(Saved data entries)

----------

lemma marg_insert_mult_marg_Diff:
  fixes I :: "'k::comm_ring_1 tpoly set"
  assumes I: "is_ideal_in (ringR a n) I" and minors_I: "minors a n J \<subseteq> I"
    and "J \<subseteq> {1..n}" "S \<subseteq> J" "l \<in> J" "l \<notin> S"
    and "w \<in> marg_index a (insert l S)" and "v \<in> marg_index a (J - {l})"
  shows "\<exists>m\<in>I. marg a n (insert l S) w * marg a n (J - {l}) v
                = m + marg a n J (v(l := w l)) * marg a n S w"
proof -
  define b where "b = (marg a n J :: _ \<Rightarrow> 'k tpoly)"
  define A where "A = {u\<in>cells_on a J. \<forall>j\<in>insert l S. u j = w j}"
  define B where "B = {u\<in>cells_on a J. \<forall>j\<in>J - {l}. u j = v j}"
  define C where "C = {u\<in>cells_on a J. \<forall>j\<in>S. u j = w j}"
  define swap where "swap = (\<lambda>(u, u'). u(l := u' l :: nat))"
  define minor where "minor = (\<lambda>(u, u'). b u * b u' - b (u'(l := u l)) * b (u(l := u' l)))"
  have "finite (cells_on a J)"
    using finite_cells_on \<open>J \<subseteq> {1..n}\<close> finite_subset by blast
  then have "finite A" "finite B" unfolding A_def B_def by simp_all
  have bij: "bij_betw swap (A \<times> B) C"
    unfolding swap_def A_def B_def C_def using bij_betw_swap_cells_on assms(4-) .
  have swapped: "b (u'(l := u l)) = b (v(l := w l))" if "(u, u') \<in> A \<times> B" for u u'
    using that unfolding b_def A_def B_def by (intro marg_cong) auto
  have "marg a n (insert l S) w = sum b A"
    unfolding A_def b_def by (rule marg_eq_sum_marg) (use assms(3-6) in auto)
  moreover have "marg a n (J - {l}) v = sum b B"
    unfolding B_def b_def by (rule marg_eq_sum_marg) (use assms(3) in auto)
  ultimately have "marg a n (insert l S) w * marg a n (J - {l}) v = sum b A * sum b B"
    by simp
  also have "\<dots> = (\<Sum>(u, u')\<in>A \<times> B. b u * b u')"
    by (simp add: sum_product sum.cartesian_product)
  also have "\<dots> = (\<Sum>p\<in>A \<times> B. minor p + b (v(l := w l)) * b (swap p))"
    by (rule sum.cong[OF refl]) (auto simp: minor_def swap_def swapped)
  also have "\<dots> = sum minor (A \<times> B) + b (v(l := w l)) * sum b C"
    using sum.reindex_bij_betw[OF bij, of b] by (simp add: sum.distrib flip: sum_distrib_left)
  also have "sum b C = marg a n S w"
    unfolding C_def b_def by (rule marg_eq_sum_marg[symmetric]) (use assms(3,4) in auto)
  finally have "marg a n (insert l S) w * marg a n (J - {l}) v
                  = sum minor (A \<times> B) + marg a n J (v(l := w l)) * marg a n S w"
    by (simp only: b_def)
  moreover have "sum minor (A \<times> B) \<in> I"
  proof (rule ideal_in_sum[OF I])
    fix p assume "p \<in> A \<times> B"
    then have "fst p \<in> marg_index a J" "snd p \<in> marg_index a J"
      using cells_on_subset_marg_index[of a J] unfolding A_def B_def by auto
    then have "minor p \<in> minors a n J"
      unfolding minor_def b_def minors_def using \<open>l \<in> J\<close> by (auto simp: case_prod_beta)
    then show "minor p \<in> I" using minors_I by blast
  qed
  ultimately show ?thesis by blast
qed

lemma L_ideal_insert_subset_or_L_ideal_Diff_subset:
  fixes Q :: "'k::comm_ring_1 tpoly set"
  assumes Q: "is_prime_ideal_in (ringR a n) Q" and minors_Q: "minors a n J \<subseteq> Q"
    and "J \<subseteq> {1..n}" "S \<subseteq> J" "l \<in> J" "l \<notin> S" and LS: "L_ideal a n S \<subseteq> Q"
  shows "L_ideal a n (insert l S) \<subseteq> Q \<or> L_ideal a n (J - {l}) \<subseteq> Q"
proof (rule disjCI)
  have I: "is_ideal_in (ringR a n) Q" using Q by (simp add: is_prime_ideal_in_def)
  assume "\<not> L_ideal a n (J - {l}) \<subseteq> Q"
  then obtain v where v: "v \<in> marg_index a (J - {l})" and "marg a n (J - {l}) v \<notin> Q"
    unfolding L_ideal_subset_iff[OF I] by blast
  show "L_ideal a n (insert l S) \<subseteq> Q"
    unfolding L_ideal_subset_iff[OF I]
  proof
    fix w assume w: "w \<in> marg_index a (insert l S)"
    obtain m where "m \<in> Q"
      and eq: "marg a n (insert l S) w * marg a n (J - {l}) v = m + marg a n J (v(l := w l)) * marg a n S w"
      using marg_insert_mult_marg_Diff[OF I minors_Q assms(3-6) w v] by blast
    have "marg a n S w \<in> Q"
      using w LS unfolding L_ideal_subset_iff[OF I] marg_index_def by auto
    then have "marg a n (insert l S) w * marg a n (J - {l}) v \<in> Q"
      using eq \<open>m \<in> Q\<close> I ringR_marg unfolding is_ideal_in_def by metis
    then show "marg a n (insert l S) w \<in> Q"
      using Q \<open>marg a n (J - {l}) v \<notin> Q\<close> ringR_marg unfolding is_prime_ideal_in_def by blast
  qed
qed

----------

■ TASK TO CARRY OUT ■
When the word "obtain" occurs in a line above, list that line.

■ RESPONSE TO THE TASK ■
  then obtain v where v: "v \<in> marg_index a (J - {l})" and "marg a n (J - {l}) v \<notin> Q"
    obtain m where "m \<in> Q"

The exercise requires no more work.